为什么两个查询的联合比单个联合查询更快?
Why is a union of two queries faster than a single one of the unioned queries?
我在 2x Google Cloud SQL Postgres 9.6 实例中使用 Autovacuuming 调试查询时间。暂存(无流量)7.5gb + 2vCPU。和生产:37.5gb 10vCPU。结果相同且令人困惑。
索引:
- trade_user1
- trade_user2
持续100-120ms:
SELECT * FROM "Trade" WHERE "user1" = 1
UNION
SELECT * FROM "Trade" WHERE "user2" = 1
LIMIT 24;
Limit (cost=221.92..222.16 rows=24 width=1187) (actual time=0.115..0.124 rows=24 loops=1)
-> HashAggregate (cost=221.92..222.46 rows=54 width=1187) (actual time=0.115..0.121 rows=24 loops=1)
Group Key: id, status, user1, user2
-> Append (cost=4.60..218.55 rows=54 width=1187) (actual time=0.024..0.076 rows=26 loops=1)

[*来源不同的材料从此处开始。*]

(* Let $A,B,C\in\mathrm{Sym}(\mathbb C^{2d})$. If $A\#B$, $B\#C$, $(A\#B)\#C$ and $A\#(B\#C)$ are all well defined, then $(A\#B)\#C=A\#(B\#C)$. Moreover, for all $A,B\in\mathrm{Sym}(\mathbb C^{2d})$ (whenever the products are well defined): $A\#0=0\#A=A$, $A\#(-A)=0$, $\overline{A\#B}=\bar B\#\bar A$, and $(-A)\#(-B)=-(B\#A)$.
   Context: Let $d\ge 1$, let $\mathbb 1$ denote an identity matrix, and let $\theta=\begin{bmatrix}0&-i\mathbb 1_d\\ i\mathbb 1_d&0\end{bmatrix}$ ($2d\times 2d$). $\mathrm{Sym}(\mathbb C^{n})$ denotes the set of complex symmetric $n\times n$ matrices; $\bar A$ is the entrywise complex conjugate. For $A,B\in\mathrm{Sym}(\mathbb C^{2d})$ such that $M=\begin{bmatrix}\theta A\theta&-\theta\\ \theta&\theta B\theta\end{bmatrix}$ is invertible, one defines $A\#B:=J^TM^{-1}J\in\mathrm{Sym}(\mathbb C^{2d})$, where $J=\begin{bmatrix}-\mathbb 1_{2d}\\ \mathbb 1_{2d}\end{bmatrix}$; $A\#B$ is called well defined when $M$ is invertible. *)

theory Defs
  imports Complex_Main "Jordan_Normal_Form.Matrix" "Jordan_Normal_Form.Gauss_Jordan_Elimination"
begin

definition sym_mat :: "nat \<Rightarrow> complex mat \<Rightarrow> bool" where
  "sym_mat d A \<longleftrightarrow> A \<in> carrier_mat (2*d) (2*d) \<and> transpose_mat A = A"

definition theta :: "nat \<Rightarrow> complex mat" where
  "theta d = four_block_mat (0\<^sub>m d d) ((- \<i>) \<cdot>\<^sub>m 1\<^sub>m d) (\<i> \<cdot>\<^sub>m 1\<^sub>m d) (0\<^sub>m d d)"

definition Mblock :: "nat \<Rightarrow> complex mat \<Rightarrow> complex mat \<Rightarrow> complex mat" where
  "Mblock d A B = four_block_mat (theta d * A * theta d) (- theta d) (theta d) (theta d * B * theta d)"

definition Jmat :: "nat \<Rightarrow> complex mat" where
  "Jmat d = (- 1\<^sub>m (2*d)) @\<^sub>r 1\<^sub>m (2*d)"

definition sharp_wd :: "nat \<Rightarrow> complex mat \<Rightarrow> complex mat \<Rightarrow> bool" where
  "sharp_wd d A B \<longleftrightarrow> invertible_mat (Mblock d A B)"

definition sharp :: "nat \<Rightarrow> complex mat \<Rightarrow> complex mat \<Rightarrow> complex mat" where
  "sharp d A B = transpose_mat (Jmat d) * the (mat_inverse (Mblock d A B)) * Jmat d"

definition conj_mat :: "complex mat \<Rightarrow> complex mat" where
  "conj_mat A = map_mat cnj A"

end

theory Submission
  imports Defs
begin

text \<open>Write \<open>\<Gamma>(X) = {(\<theta> w + X w, \<theta> w - X w)}\<close> for the twisted graph of a matrix \<open>X\<close>;
since \<open>\<theta>\<^sup>2 = 1\<close>, it determines \<open>X\<close>. Unwinding \<open>A # B = J\<^sup>T M\<^sup>-\<^sup>1 J\<close> shows that
\<open>\<Gamma>(A # B)\<close> is the relational composite \<open>\<Gamma>(B) O \<Gamma>(A)\<close>. Every identity then becomes one about
relations: composition is associative, \<open>\<Gamma>(0)\<close> is the identity, \<open>\<Gamma>(-X)\<close> is the converse of
\<open>\<Gamma>(X)\<close>, and \<open>\<Gamma>(conj X)\<close> is the converse of the image of \<open>\<Gamma>(X)\<close> under \<open>v \<mapsto> - conj v\<close>.
For \<open>A # (-A) = 0\<close> one also needs \<open>\<Gamma>(A)\<close> to be single valued; this is where invertibility of
\<open>M\<close> for the pair \<open>(A, -A)\<close> enters.\<close>

lemma theta_carrier [simp]: "theta d \<in> carrier_mat (2*d) (2*d)"
  unfolding theta_def by (metis four_block_carrier_mat mult_2 one_carrier_mat smult_carrier_mat zero_carrier_mat)

lemma theta_dims [simp]: "dim_row (theta d) = 2*d" "dim_col (theta d) = 2*d"
  using theta_carrier by blast+

lemma theta_mult_vec_carrier [simp]: "w \<in> carrier_vec (2*d) \<Longrightarrow> theta d *\<^sub>v w \<in> carrier_vec (2*d)"
  by (rule mult_mat_vec_carrier[OF theta_carrier])

lemma theta_mult_theta: "theta d * theta d = 1\<^sub>m (2*d)"
proof -
  have "theta d * theta d = four_block_mat (1\<^sub>m d) (0\<^sub>m d d) (0\<^sub>m d d) (1\<^sub>m d)"
    unfolding theta_def
    by (subst mult_four_block_mat[of _ d d]) (auto intro!: arg_cong4[where f=four_block_mat] eq_matI)
  then show ?thesis by (simp add: mult_2)
qed

lemma theta_theta_mult_vec [simp]: "w \<in> carrier_vec (2*d) \<Longrightarrow> theta d *\<^sub>v (theta d *\<^sub>v w) = w"
  by (metis assoc_mult_mat_vec one_mult_mat_vec theta_carrier theta_mult_theta)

-> Bitmap Heap Scan on "Trade" (cost=4.60..89.99 rows=22 width=155) (actual time=0.024..0.061 rows=23 loops=1)
Recheck Cond: (user1 = 1)
Heap Blocks: exact=20
-> Bitmap Index Scan on trade_depositor_user_id (cost=0.00..4.59 rows=22 width=0) (actual time=0.016..0.016 rows=23 loops=1)
Index Cond: (user1 = 1)
-> Bitmap Heap Scan on "Trade" "Trade_1" (cost=4.67..128.02 rows=32 width=155) (actual time=0.011..0.014 rows=3 loops=1)
Recheck Cond: (user2 = 1)
Heap Blocks: exact=3
-> Bitmap Index Scan on trade_withdrawer_user_id (cost=0.00..4.67 rows=32 width=0) (actual time=0.009..0.009 rows=3 loops=1)
Index Cond: (user2 = 1)
Planning time: 0.224 ms
Execution time: 0.189 ms
持续 280-350 毫秒:
SELECT * FROM "Trade" WHERE "user1" = 1
Bitmap Heap Scan on "Trade" (cost=4.60..89.99 rows=22 width=155) (actual time=0.023..0.054 rows=23 loops=1)
Recheck Cond: (user1 = 1)
Heap Blocks: exact=20
-> Bitmap Index Scan on trade_user1 (cost=0.00..4.59 rows=22 width=0) (actual time=0.015..0.015 rows=23 loops=1)
Index Cond: (user2 = 1)
Planning time: 0.077 ms
Execution time: 0.078 ms
两个查询 return 结果集大小相等。我尝试了更简单查询的不同变体,例如按 ID ASC/DESC.
排序
您应该使用 UNION ALL
,它只是连接结果,而不是 UNION
,后者 也 对结果进行重复数据删除,通常是通过排序来制作公平比较。
也许优化器感到困惑,并且由于存在重复数据删除操作而使用了不同的启发式算法,并且小行数导致了没有意义的边缘情况。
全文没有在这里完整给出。